Task directions: If a line in the data below includes the string "current", please return a copy of it.

(Input material begins)

(* EDHNN is a special case of the MultiSet framework: there is a choice of the MultiSet functions $f_{\mathcal{V}\to\mathcal{E}}, f_{\mathcal{E}\to\mathcal{V}}, f_{\mathcal{V}\to\mathcal{V}}$ such that the MultiSet scheme reproduces the hyperedge representations and the final node representations computed by EDHNN.
   Context: A hypergraph is $\mathcal{G}=(\mathcal{V},\mathcal{E})$ with each hyperedge $e\in\mathcal{E}$ a subset of $\mathcal{V}$; $\mathcal{E}_v=\{e\in\mathcal{E}:v\in e\}$ and $d_v=|\mathcal{E}_v|$. A function is called a multiset function if it is permutation invariant with respect to each of its (set-valued) arguments in turn. MultiSet framework: each hyperedge $e$ has a representation $\bm z_e^{(t)}\in\mathbb{R}^d$ at step $t$; each node $v$ has one representation $\bm x_{v,e}^{(t)}\in\mathbb{R}^f$ for each hyperedge $e\in\mathcal{E}_v$, and $\mathbb{X}_v^{(t)}=\{\bm x_{v,e}^{(t)}\}_{e\in\mathcal{E}_v}$. The updates are $$\bm z_e^{(t+1)}=f_{\mathcal{V}\to\mathcal{E}}\big(\{\mathbb{X}_u^{(t)}\}_{u\in e};\ \bm z_e^{(t)}\big),\qquad \bm x_{v,e}^{(t+1)}=f_{\mathcal{E}\to\mathcal{V}}\big(\{\bm z_{e}^{(t+1)}\}_{e\in\mathcal{E}_v};\ \{\mathbb{X}_v^{(k)}\}_{k=0}^{t}\big),$$ and after $T$ steps a readout $\bm x_v^{(T)}=f_{\mathcal{V}\to\mathcal{V}}\big(\{\mathbb{X}_v^{(k)}\}_{k=0}^{T}\big)$, where $f_{\mathcal{V}\to\mathcal{E}}, f_{\mathcal{E}\to\mathcal{V}}$ are multiset functions with respect to their first input and $f_{\mathcal{V}\to\mathcal{V}}$ is a multiset function. EDHNN is the propagation scheme with a single representation $\bm x_v^{(t)}$ per node and updates $$\bm z_e^{(t+1)}=\sum_{u\in e}\hat\phi(\bm x_u^{(t)}),\qquad \bm x_v^{(t+1)}=\hat\psi\Big(\bm x_v^{(t)},\ \sum_{e\in\mathcal{E}_v}\hat\rho\big(\bm x_v^{(t)},\bm z_e^{(t+1)}\big),\ \bm x_v^{(0)},\ d_v\Big),$$ where $\hat\phi,\hat\psi,\hat\rho$ are MLPs shared across layers, and its output after $T$ steps is $\bm x_v^{(T)}$. *)

theory Defs
  imports Complex_Main "HOL-Library.Multiset"
begin

definition inc :: "'v set set \<Rightarrow> 'v \<Rightarrow> 'v set set" where
  "inc E v = {e \<in> E. v \<in> e}"

definition deg :: "'v set set \<Rightarrow> 'v \<Rightarrow> nat" where
  "deg E v = card (inc E v)"

text \<open>phi, rho, psi are the (layer-shared) MLPs; x0 the initial node features.
  edhnn_x ... t v is the node representation x_v^(t).\<close>

primrec edhnn_x ::
  "('x \<Rightarrow> 'z::comm_monoid_add) \<Rightarrow> ('x \<Rightarrow> 'z \<Rightarrow> 'm::comm_monoid_add) \<Rightarrow>
   ('x \<Rightarrow> 'm \<Rightarrow> 'x \<Rightarrow> real \<Rightarrow> 'x) \<Rightarrow> 'v set set \<Rightarrow> ('v \<Rightarrow> 'x) \<Rightarrow> nat \<Rightarrow> 'v \<Rightarrow> 'x" where
  "edhnn_x \<phi> \<rho> \<psi> E x0 0 = x0"
| "edhnn_x \<phi> \<rho> \<psi> E x0 (Suc t) =
     (let x = edhnn_x \<phi> \<rho> \<psi> E x0 t;
          z = (\<lambda>e. \<Sum>u\<in>e. \<phi> (x u))
      in (\<lambda>v. \<psi> (x v) (\<Sum>e\<in>inc E v. \<rho> (x v) (z e)) (x0 v) (real (deg E v))))"

text \<open>edhnn_z ... (Suc t) e is the hyperedge representation z_e^(t+1) = sum over u in e of phi(x_u^(t)).
  (The value at 0 is irrelevant; EDHNN has no z^(0).)\<close>

definition edhnn_z ::
  "('x \<Rightarrow> 'z::comm_monoid_add) \<Rightarrow> ('x \<Rightarrow> 'z \<Rightarrow> 'm::comm_monoid_add) \<Rightarrow>
   ('x \<Rightarrow> 'm \<Rightarrow> 'x \<Rightarrow> real \<Rightarrow> 'x) \<Rightarrow> 'v set set \<Rightarrow> ('v \<Rightarrow> 'x) \<Rightarrow> nat \<Rightarrow> 'v set \<Rightarrow> 'z" where
  "edhnn_z \<phi> \<rho> \<psi> E x0 t e = (\<Sum>u\<in>e. \<phi> (edhnn_x \<phi> \<rho> \<psi> E x0 (t - 1) u))"

text \<open>A state at step t: hyperedge representations z :: 'v set => 'z and node-hyperedge
  representations x v e = x_{v,e}.
  Using HOL multisets as the set-valued inputs makes f_VE, f_EV (in their first argument)
  and f_VV multiset functions by construction.\<close>

definition X_of :: "'v set set \<Rightarrow> ('v \<Rightarrow> 'v set \<Rightarrow> 'x) \<Rightarrow> 'v \<Rightarrow> 'x multiset" where
  "X_of E x v = image_mset (\<lambda>e. x v e) (mset_set (inc E v))"

text \<open>ms_hist fVE fEV E z0 x0 t = [state_0, ..., state_t].
  fVE ({X_u^(t)}_{u in e}) (z_e^(t)) and fEV ({z_e^(t+1)}_{e in E_v}) [X_v^(0),...,X_v^(t)].\<close>

primrec ms_hist ::
  "('x multiset multiset \<Rightarrow> 'z \<Rightarrow> 'z) \<Rightarrow> ('z multiset \<Rightarrow> 'x multiset list \<Rightarrow> 'x) \<Rightarrow>
   'v set set \<Rightarrow> ('v set \<Rightarrow> 'z) \<Rightarrow> ('v \<Rightarrow> 'v set \<Rightarrow> 'x) \<Rightarrow> nat \<Rightarrow>
   (('v set \<Rightarrow> 'z) \<times> ('v \<Rightarrow> 'v set \<Rightarrow> 'x)) list" where
  "ms_hist fVE fEV E z0 x0 0 = [(z0, x0)]"
| "ms_hist fVE fEV E z0 x0 (Suc t) =
     (let H = ms_hist fVE fEV E z0 x0 t;
          z = fst (last H); x = snd (last H);
          z' = (\<lambda>e. fVE (image_mset (\<lambda>u. X_of E x u) (mset_set e)) (z e));
          x' = (\<lambda>v e. fEV (image_mset z' (mset_set (inc E v)))
                           (map (\<lambda>s. X_of E (snd s) v) H))
      in H @ [(z', x')])"

definition ms_out ::
  "('x multiset multiset \<Rightarrow> 'z \<Rightarrow> 'z) \<Rightarrow> ('z multiset \<Rightarrow> 'x multiset list \<Rightarrow> 'x) \<Rightarrow>
   ('x multiset list \<Rightarrow> 'x) \<Rightarrow>
   'v set set \<Rightarrow> ('v set \<Rightarrow> 'z) \<Rightarrow> ('v \<Rightarrow> 'v set \<Rightarrow> 'x) \<Rightarrow> nat \<Rightarrow> 'v \<Rightarrow> 'x" where
  "ms_out fVE fEV fVV E z0 x0 T v =
     fVV (map (\<lambda>s. X_of E (snd s) v) (ms_hist fVE fEV E z0 x0 T))"

end

theory Submission
  imports Defs
begin

text \<open>Start with \<open>x\<^sub>v\<^sub>,\<^sub>e = x\<^sub>v\<close> for every hyperedge \<open>e\<close>, and let every step produce node
  representations that again do not depend on \<open>e\<close>. Then \<open>X\<^sub>v\<close> consists of \<open>d\<^sub>v\<close> copies of
  \<open>x\<^sub>v\<close>, so for a non-isolated node both \<open>x\<^sub>v\<close> (the unique element) and \<open>d\<^sub>v\<close> (the size of
  the multiset of incident hyperedge representations) can be read off the multiset inputs. The
  MultiSet functions just recover these values and evaluate the EDHNN update formulas on them:
  \<open>f_VE\<close> sums \<open>\<phi>\<close>, \<open>f_EV\<close> applies \<open>\<psi>\<close> to the current (last) and initial (first) entries of
  the history, and \<open>f_VV\<close> returns the last one.\<close>

definition the_elem_mset :: "'a multiset \<Rightarrow> 'a" where
  "the_elem_mset X = the_elem (set_mset X)"

lemma the_elem_mset_replicate_mset [simp]:
  "n > 0 \<Longrightarrow> the_elem_mset (replicate_mset n c) = c"
  by (simp add: the_elem_mset_def)

lemma X_of_const:
  assumes "\<And>e. x v e = c"
  shows "X_of E x v = replicate_mset (deg E v) c"
  unfolding X_of_def deg_def assms by (simp add: image_mset_const_eq)

lemma deg_pos:
  assumes "finite E" and "inc E v \<noteq> {}"
  shows "deg E v > 0"
  using assms by (simp add: deg_def inc_def card_gt_0_iff)

lemma the_elem_mset_X_of_const:
  assumes "finite E" and "inc E v \<noteq> {}" and "\<And>e. x v e = c"
  shows "the_elem_mset (X_of E x v) = c"
  using assms by (simp add: X_of_const deg_pos)

definition edhnn_fVE :: "('x \<Rightarrow> 'z::comm_monoid_add) \<Rightarrow> 'x multiset multiset \<Rightarrow> 'z \<Rightarrow> 'z" where
  "edhnn_fVE \<phi> Xs z = (\<Sum>X\<in>#Xs. \<phi> (the_elem_mset X))"

definition edhnn_fEV ::
  "('x \<Rightarrow> 'z \<Rightarrow> 'm::comm_monoid_add) \<Rightarrow> ('x \<Rightarrow> 'm \<Rightarrow> 'x \<Rightarrow> real \<Rightarrow> 'x) \<Rightarrow>
   'z multiset \<Rightarrow> 'x multiset list \<Rightarrow> 'x" where
  "edhnn_fEV \<rho> \<psi> Zs Hs =
     (let x = the_elem_mset (last Hs)
      in \<psi> x (\<Sum>z\<in>#Zs. \<rho> x z) (the_elem_mset (hd Hs)) (real (size Zs)))"

definition edhnn_fVV :: "'x multiset list \<Rightarrow> 'x" where
  "edhnn_fVV Hs = the_elem_mset (last Hs)"

lemma edhnn_fVE_X_of:
  assumes "finite E" and "e \<in> E" and "\<And>u e'. u \<in> e \<Longrightarrow> xs u e' = x u"
  shows "edhnn_fVE \<phi> (image_mset (X_of E xs) (mset_set e)) z = (\<Sum>u\<in>e. \<phi> (x u))"
proof -
  have "edhnn_fVE \<phi> (image_mset (X_of E xs) (mset_set e)) z =
      (\<Sum>u\<in>e. \<phi> (the_elem_mset (X_of E xs u)))"
    by (simp add: edhnn_fVE_def sum_unfold_sum_mset image_mset.compositionality o_def)
  also have "\<dots> = (\<Sum>u\<in>e. \<phi> (x u))"
    using assms by (intro sum.cong refl arg_cong[where f = \<phi>] the_elem_mset_X_of_const)
      (auto simp: inc_def)
  finally show ?thesis .
qed

lemma edhnn_fEV_image_mset:
  assumes "finite E"
  shows "edhnn_fEV \<rho> \<psi> (image_mset zs (mset_set (inc E v))) Hs =
    (let x = the_elem_mset (last Hs)
     in \<psi> x (\<Sum>e\<in>inc E v. \<rho> x (zs e)) (the_elem_mset (hd Hs)) (real (deg E v)))"
  using assms
  by (simp add: edhnn_fEV_def deg_def sum_unfold_sum_mset image_mset.compositionality o_def)

lemma length_ms_hist [simp]: "length (ms_hist fVE fEV E z0 x0 t) = Suc t"
  by (induction t) (simp_all add: Let_def)

lemma ms_hist_nonempty [simp]: "ms_hist fVE fEV E z0 x0 t \<noteq> []"
  by (simp flip: length_greater_0_conv)

lemma hd_ms_hist [simp]: "hd (ms_hist fVE fEV E z0 x0 t) = (z0, x0)"
  by (induction t) (simp_all add: Let_def)

lemma nth_ms_hist: "k \<le> t \<Longrightarrow> ms_hist fVE fEV E z0 x0 t ! k = last (ms_hist fVE fEV E z0 x0 k)"
proof (induction t)
  case 0
  then show ?case by simp
next
  case (Suc t)
  then show ?case
    by (cases "k = Suc t") (simp_all add: Let_def nth_append)
qed

lemma last_ms_hist_Suc:
  "last (ms_hist fVE fEV E z0 x0 (Suc t)) =
    (let H = ms_hist fVE fEV E z0 x0 t;
         z' = (\<lambda>e. fVE (image_mset (X_of E (snd (last H))) (mset_set e)) (fst (last H) e))
     in (z', \<lambda>v e. fEV (image_mset z' (mset_set (inc E v))) (map (\<lambda>s. X_of E (snd s) v) H)))"
  by (simp add: Let_def)

context
  fixes \<phi> :: "'x \<Rightarrow> 'z::comm_monoid_add"
    and \<rho> :: "'x \<Rightarrow> 'z \<Rightarrow> 'm::comm_monoid_add"
    and \<psi> :: "'x \<Rightarrow> 'm \<Rightarrow> 'x \<Rightarrow> real \<Rightarrow> 'x"
    and E :: "'v set set"
    and x0 :: "'v \<Rightarrow> 'x"
    and z0 :: "'v set \<Rightarrow> 'z"
  assumes finite_E: "finite E"
begin

abbreviation edhnn_hist :: "nat \<Rightarrow> (('v set \<Rightarrow> 'z) \<times> ('v \<Rightarrow> 'v set \<Rightarrow> 'x)) list" where
  "edhnn_hist \<equiv> ms_hist (edhnn_fVE \<phi>) (edhnn_fEV \<rho> \<psi>) E z0 (\<lambda>v e. x0 v)"

lemma edge_rep_edhnn_hist:
  assumes "\<And>u e'. inc E u \<noteq> {} \<Longrightarrow> snd (last (edhnn_hist t)) u e' = edhnn_x \<phi> \<rho> \<psi> E x0 t u"
    and "e \<in> E"
  shows "fst (last (edhnn_hist (Suc t))) e = edhnn_z \<phi> \<rho> \<psi> E x0 (Suc t) e"
proof -
  have "\<And>u e'. u \<in> e \<Longrightarrow> snd (last (edhnn_hist t)) u e' = edhnn_x \<phi> \<rho> \<psi> E x0 t u"
    using \<open>e \<in> E\<close> by (intro assms(1)) (auto simp: inc_def)
  then show ?thesis
    using finite_E \<open>e \<in> E\<close>
    by (simp add: last_ms_hist_Suc Let_def edhnn_fVE_X_of edhnn_z_def)
qed

lemma node_rep_edhnn_hist:
  "inc E v \<noteq> {} \<Longrightarrow> snd (last (edhnn_hist t)) v e = edhnn_x \<phi> \<rho> \<psi> E x0 t v"
proof (induction t arbitrary: v e)
  case 0
  then show ?case by simp
next
  case (Suc t)
  let ?X = "\<lambda>s. X_of E (snd s) v"
  have current: "the_elem_mset (last (map ?X (edhnn_hist t))) = edhnn_x \<phi> \<rho> \<psi> E x0 t v"
    using Suc finite_E by (simp add: last_map the_elem_mset_X_of_const)
  have initial: "the_elem_mset (hd (map ?X (edhnn_hist t))) = x0 v"
    using Suc.prems finite_E by (simp add: hd_map the_elem_mset_X_of_const)
  have edges: "fst (last (edhnn_hist (Suc t))) e' = edhnn_z \<phi> \<rho> \<psi> E x0 (Suc t) e'"
    if "e' \<in> inc E v" for e'
    using that Suc.IH by (intro edge_rep_edhnn_hist) (auto simp: inc_def)
  show ?case
    using edges
    by (simp add: last_ms_hist_Suc[of _ _ _ _ _ t] edhnn_fEV_image_mset[OF finite_E]
        current initial edhnn_z_def Let_def deg_def cong: sum.cong)
qed

end

theorem proposition3:
  fixes \<phi> :: "'x::real_vector \<Rightarrow> 'z::real_vector"
    and \<rho> :: "'x \<Rightarrow> 'z \<Rightarrow> 'm::real_vector"
    and \<psi> :: "'x \<Rightarrow> 'm \<Rightarrow> 'x \<Rightarrow> real \<Rightarrow> 'x"
  shows "\<exists>(fVE :: 'x multiset multiset \<Rightarrow> 'z \<Rightarrow> 'z)
            (fEV :: 'z multiset \<Rightarrow> 'x multiset list \<Rightarrow> 'x)
            (fVV :: 'x multiset list \<Rightarrow> 'x).
          \<forall>(V :: 'v set) (E :: 'v set set) (x0 :: 'v \<Rightarrow> 'x) (z0 :: 'v set \<Rightarrow> 'z) (T :: nat).
            finite V \<longrightarrow> (\<forall>e\<in>E. e \<subseteq> V) \<longrightarrow> (\<forall>v\<in>V. inc E v \<noteq> {}) \<longrightarrow>
            (\<forall>t\<in>{1..T}. \<forall>e\<in>E.
                fst (ms_hist fVE fEV E z0 (\<lambda>v e. x0 v) T ! t) e = edhnn_z \<phi> \<rho> \<psi> E x0 t e)
            \<and> (\<forall>v\<in>V. ms_out fVE fEV fVV E z0 (\<lambda>v e. x0 v) T v = edhnn_x \<phi> \<rho> \<psi> E x0 T v)"
proof (intro exI allI impI conjI ballI)
  fix V :: "'v set" and E :: "'v set set" and x0 :: "'v \<Rightarrow> 'x" and z0 T
  assume "finite V" and "\<forall>e\<in>E. e \<subseteq> V" and non_isolated: "\<forall>v\<in>V. inc E v \<noteq> {}"
  then have finite_E: "finite E"
    by (meson Pow_iff finite_Pow_iff finite_subset subsetI)
  note node_rep = node_rep_edhnn_hist[OF finite_E]
  show "fst (edhnn_hist \<phi> \<rho> \<psi> E x0 z0 T ! t) e = edhnn_z \<phi> \<rho> \<psi> E x0 t e"
    if "t \<in> {1..T}" and "e \<in> E" for t e
  proof -
    obtain s where t: "t = Suc s" and "Suc s \<le> T" using \<open>t \<in> {1..T}\<close> by (cases t) auto
    then have "edhnn_hist \<phi> \<rho> \<psi> E x0 z0 T ! t = last (edhnn_hist \<phi> \<rho> \<psi> E x0 z0 (Suc s))"
      by (simp add: nth_ms_hist)
    then show ?thesis
      using edge_rep_edhnn_hist[OF finite_E node_rep \<open>e \<in> E\<close>] by (simp add: t)
  qed
  show "ms_out (edhnn_fVE \<phi>) (edhnn_fEV \<rho> \<psi>) edhnn_fVV E z0 (\<lambda>v e. x0 v) T v =
      edhnn_x \<phi> \<rho> \<psi> E x0 T v" if "v \<in> V" for v
  proof -
    have "inc E v \<noteq> {}" using that non_isolated by blast
    then have "the_elem_mset (X_of E (snd (last (edhnn_hist \<phi> \<rho> \<psi> E x0 z0 T))) v) =
        edhnn_x \<phi> \<rho> \<psi> E x0 T v"
      by (intro the_elem_mset_X_of_const finite_E node_rep)
    then show ?thesis by (simp add: ms_out_def edhnn_fVV_def last_map)
  qed
qed

end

(Input material ends)

Answer section:
  \<open>f_VE\<close> sums \<open>\<phi>\<close>, \<open>f_EV\<close> applies \<open>\<psi>\<close> to the current (last) and initial (first) entries of
  have current: "the_elem_mset (last (map ?X (edhnn_hist t))) = edhnn_x \<phi> \<rho> \<psi> E x0 t v"
        current initial edhnn_z_def Let_def deg_def cong: sum.cong)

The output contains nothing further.